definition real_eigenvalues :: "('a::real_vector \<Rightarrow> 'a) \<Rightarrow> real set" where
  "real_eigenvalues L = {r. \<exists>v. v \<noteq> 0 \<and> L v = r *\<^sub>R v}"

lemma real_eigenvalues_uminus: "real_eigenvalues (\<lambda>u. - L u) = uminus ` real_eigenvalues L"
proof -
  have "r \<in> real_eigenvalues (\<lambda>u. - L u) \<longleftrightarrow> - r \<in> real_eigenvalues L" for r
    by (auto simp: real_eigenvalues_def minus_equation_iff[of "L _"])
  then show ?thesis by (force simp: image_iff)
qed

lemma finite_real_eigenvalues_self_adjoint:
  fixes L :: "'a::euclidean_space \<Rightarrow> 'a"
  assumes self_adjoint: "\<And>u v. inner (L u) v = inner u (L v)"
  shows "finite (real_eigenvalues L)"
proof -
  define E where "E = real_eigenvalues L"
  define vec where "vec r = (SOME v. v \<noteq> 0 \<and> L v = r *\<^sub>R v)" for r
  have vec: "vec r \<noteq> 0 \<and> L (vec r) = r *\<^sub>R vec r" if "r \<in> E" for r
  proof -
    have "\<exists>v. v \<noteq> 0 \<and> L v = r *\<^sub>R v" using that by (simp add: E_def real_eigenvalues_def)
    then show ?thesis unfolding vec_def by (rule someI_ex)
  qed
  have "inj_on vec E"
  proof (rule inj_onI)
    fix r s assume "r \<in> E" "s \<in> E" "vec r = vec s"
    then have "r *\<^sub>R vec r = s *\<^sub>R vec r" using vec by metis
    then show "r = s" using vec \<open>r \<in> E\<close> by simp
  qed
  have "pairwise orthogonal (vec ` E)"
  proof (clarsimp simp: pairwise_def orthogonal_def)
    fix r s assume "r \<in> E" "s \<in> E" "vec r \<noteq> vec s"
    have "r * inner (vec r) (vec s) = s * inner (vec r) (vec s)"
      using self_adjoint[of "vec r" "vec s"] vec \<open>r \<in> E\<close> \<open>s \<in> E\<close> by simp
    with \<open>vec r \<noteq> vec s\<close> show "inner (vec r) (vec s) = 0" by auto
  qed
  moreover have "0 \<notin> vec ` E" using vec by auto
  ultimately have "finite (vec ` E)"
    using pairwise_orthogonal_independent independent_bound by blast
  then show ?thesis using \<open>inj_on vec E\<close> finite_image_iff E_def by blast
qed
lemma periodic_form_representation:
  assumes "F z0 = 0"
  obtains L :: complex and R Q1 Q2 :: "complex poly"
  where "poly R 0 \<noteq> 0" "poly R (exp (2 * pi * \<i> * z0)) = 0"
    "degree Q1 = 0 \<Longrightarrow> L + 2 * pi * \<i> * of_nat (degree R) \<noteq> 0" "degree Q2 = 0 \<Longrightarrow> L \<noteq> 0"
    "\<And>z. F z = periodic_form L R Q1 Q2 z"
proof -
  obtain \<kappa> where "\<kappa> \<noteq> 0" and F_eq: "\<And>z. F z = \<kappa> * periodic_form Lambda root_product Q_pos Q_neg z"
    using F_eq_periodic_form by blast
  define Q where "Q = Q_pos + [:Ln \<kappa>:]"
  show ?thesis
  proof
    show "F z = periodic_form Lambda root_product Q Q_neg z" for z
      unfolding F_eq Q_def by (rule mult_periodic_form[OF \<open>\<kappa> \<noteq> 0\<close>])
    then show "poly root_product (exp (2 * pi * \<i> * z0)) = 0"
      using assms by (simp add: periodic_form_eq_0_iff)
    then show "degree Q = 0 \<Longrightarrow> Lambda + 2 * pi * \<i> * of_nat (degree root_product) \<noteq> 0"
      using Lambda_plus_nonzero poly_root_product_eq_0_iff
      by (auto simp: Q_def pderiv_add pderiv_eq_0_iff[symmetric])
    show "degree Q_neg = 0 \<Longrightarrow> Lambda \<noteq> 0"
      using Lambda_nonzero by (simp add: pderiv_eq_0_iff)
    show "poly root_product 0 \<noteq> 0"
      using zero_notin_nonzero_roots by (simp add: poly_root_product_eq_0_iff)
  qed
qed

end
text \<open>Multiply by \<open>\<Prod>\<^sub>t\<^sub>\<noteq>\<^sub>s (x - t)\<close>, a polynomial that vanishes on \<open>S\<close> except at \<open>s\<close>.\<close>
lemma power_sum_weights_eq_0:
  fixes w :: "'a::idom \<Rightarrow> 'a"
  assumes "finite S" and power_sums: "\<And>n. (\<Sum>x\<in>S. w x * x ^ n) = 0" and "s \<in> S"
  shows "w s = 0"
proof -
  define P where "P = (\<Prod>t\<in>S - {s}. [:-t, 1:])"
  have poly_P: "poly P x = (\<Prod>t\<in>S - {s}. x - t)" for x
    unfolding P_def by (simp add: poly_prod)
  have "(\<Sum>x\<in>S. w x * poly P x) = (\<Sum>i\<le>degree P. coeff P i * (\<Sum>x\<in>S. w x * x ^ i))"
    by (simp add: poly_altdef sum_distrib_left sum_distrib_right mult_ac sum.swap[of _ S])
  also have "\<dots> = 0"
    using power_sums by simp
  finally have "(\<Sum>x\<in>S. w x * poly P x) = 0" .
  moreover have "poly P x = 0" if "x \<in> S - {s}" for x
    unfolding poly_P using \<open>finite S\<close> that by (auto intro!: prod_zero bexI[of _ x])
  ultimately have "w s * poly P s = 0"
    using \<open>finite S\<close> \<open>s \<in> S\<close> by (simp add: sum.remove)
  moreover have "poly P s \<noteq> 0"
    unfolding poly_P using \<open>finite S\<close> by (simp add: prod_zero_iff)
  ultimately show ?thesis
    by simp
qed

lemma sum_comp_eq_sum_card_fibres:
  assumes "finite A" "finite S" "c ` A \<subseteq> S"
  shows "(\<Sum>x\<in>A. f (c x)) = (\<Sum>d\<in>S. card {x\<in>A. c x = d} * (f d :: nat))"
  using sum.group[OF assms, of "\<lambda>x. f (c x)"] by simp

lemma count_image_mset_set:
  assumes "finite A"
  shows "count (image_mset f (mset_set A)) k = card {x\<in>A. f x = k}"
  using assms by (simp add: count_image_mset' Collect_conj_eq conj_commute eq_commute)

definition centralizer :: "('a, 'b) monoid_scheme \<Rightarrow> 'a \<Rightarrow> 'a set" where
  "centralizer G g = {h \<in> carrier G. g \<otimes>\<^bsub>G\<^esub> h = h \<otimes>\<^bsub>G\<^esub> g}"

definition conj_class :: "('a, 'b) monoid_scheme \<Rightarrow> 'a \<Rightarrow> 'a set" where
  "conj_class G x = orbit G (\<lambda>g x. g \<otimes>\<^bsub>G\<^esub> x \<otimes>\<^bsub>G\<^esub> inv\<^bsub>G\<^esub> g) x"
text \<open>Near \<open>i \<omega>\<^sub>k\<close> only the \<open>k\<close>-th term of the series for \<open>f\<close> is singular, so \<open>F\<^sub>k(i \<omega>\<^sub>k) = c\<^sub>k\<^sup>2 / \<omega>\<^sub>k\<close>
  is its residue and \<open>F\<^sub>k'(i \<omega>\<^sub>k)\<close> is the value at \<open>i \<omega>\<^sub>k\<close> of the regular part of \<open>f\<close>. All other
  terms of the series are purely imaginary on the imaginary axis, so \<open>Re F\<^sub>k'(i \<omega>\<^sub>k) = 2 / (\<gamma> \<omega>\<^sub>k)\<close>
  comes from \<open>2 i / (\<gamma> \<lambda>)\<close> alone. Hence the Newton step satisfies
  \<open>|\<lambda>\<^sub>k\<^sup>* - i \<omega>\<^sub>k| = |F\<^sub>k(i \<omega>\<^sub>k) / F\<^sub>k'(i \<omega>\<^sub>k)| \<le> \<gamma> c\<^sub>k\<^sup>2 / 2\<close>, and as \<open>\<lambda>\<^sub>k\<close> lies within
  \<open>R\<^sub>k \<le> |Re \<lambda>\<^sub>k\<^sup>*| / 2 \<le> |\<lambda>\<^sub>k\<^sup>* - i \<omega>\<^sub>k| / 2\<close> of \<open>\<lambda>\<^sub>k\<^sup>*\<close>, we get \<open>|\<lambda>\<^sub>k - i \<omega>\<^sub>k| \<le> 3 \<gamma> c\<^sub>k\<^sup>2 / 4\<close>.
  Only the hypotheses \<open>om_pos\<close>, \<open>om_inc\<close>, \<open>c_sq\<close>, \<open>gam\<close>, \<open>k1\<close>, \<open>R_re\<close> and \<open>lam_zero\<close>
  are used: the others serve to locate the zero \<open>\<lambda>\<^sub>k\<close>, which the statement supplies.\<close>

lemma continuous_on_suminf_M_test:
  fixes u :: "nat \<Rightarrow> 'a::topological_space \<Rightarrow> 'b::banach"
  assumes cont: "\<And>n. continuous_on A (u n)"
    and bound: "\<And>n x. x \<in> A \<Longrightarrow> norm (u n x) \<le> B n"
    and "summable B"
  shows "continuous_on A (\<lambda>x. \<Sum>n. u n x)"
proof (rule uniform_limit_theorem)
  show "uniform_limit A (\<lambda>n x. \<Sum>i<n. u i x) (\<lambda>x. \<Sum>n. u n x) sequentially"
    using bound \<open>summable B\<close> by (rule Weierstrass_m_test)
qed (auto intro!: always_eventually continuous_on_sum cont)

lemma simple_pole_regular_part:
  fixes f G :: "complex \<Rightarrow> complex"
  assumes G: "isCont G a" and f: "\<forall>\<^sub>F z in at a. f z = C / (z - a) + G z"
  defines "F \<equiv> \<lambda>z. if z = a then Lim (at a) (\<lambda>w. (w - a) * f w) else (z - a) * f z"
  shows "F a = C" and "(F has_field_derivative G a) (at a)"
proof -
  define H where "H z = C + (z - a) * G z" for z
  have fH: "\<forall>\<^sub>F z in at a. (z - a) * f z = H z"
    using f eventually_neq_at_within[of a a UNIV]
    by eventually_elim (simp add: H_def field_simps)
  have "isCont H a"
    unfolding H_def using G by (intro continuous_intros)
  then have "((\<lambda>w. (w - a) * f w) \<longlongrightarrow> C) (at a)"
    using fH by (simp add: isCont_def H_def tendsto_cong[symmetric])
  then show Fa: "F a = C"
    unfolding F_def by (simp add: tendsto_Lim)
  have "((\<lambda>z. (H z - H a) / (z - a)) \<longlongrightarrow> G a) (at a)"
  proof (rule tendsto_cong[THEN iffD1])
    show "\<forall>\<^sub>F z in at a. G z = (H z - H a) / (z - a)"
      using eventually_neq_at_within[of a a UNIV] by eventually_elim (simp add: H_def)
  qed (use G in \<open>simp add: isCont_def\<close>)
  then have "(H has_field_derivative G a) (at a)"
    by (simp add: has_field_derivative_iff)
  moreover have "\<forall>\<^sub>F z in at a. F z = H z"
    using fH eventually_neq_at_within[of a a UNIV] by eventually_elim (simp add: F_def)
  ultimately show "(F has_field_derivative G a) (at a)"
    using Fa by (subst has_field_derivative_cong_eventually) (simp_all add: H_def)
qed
§ §
For the material above, reproduce exactly the lines from the line with "unfolding poly_P using \<open>finite S\<close> that" to the line with "P s \<noteq>", inclusive, and exclude all others.

    unfolding poly_P using \<open>finite S\<close> that by (auto intro!: prod_zero bexI[of _ x])
  ultimately have "w s * poly P s = 0"
    using \<open>finite S\<close> \<open>s \<in> S\<close> by (simp add: sum.remove)
  moreover have "poly P s \<noteq> 0"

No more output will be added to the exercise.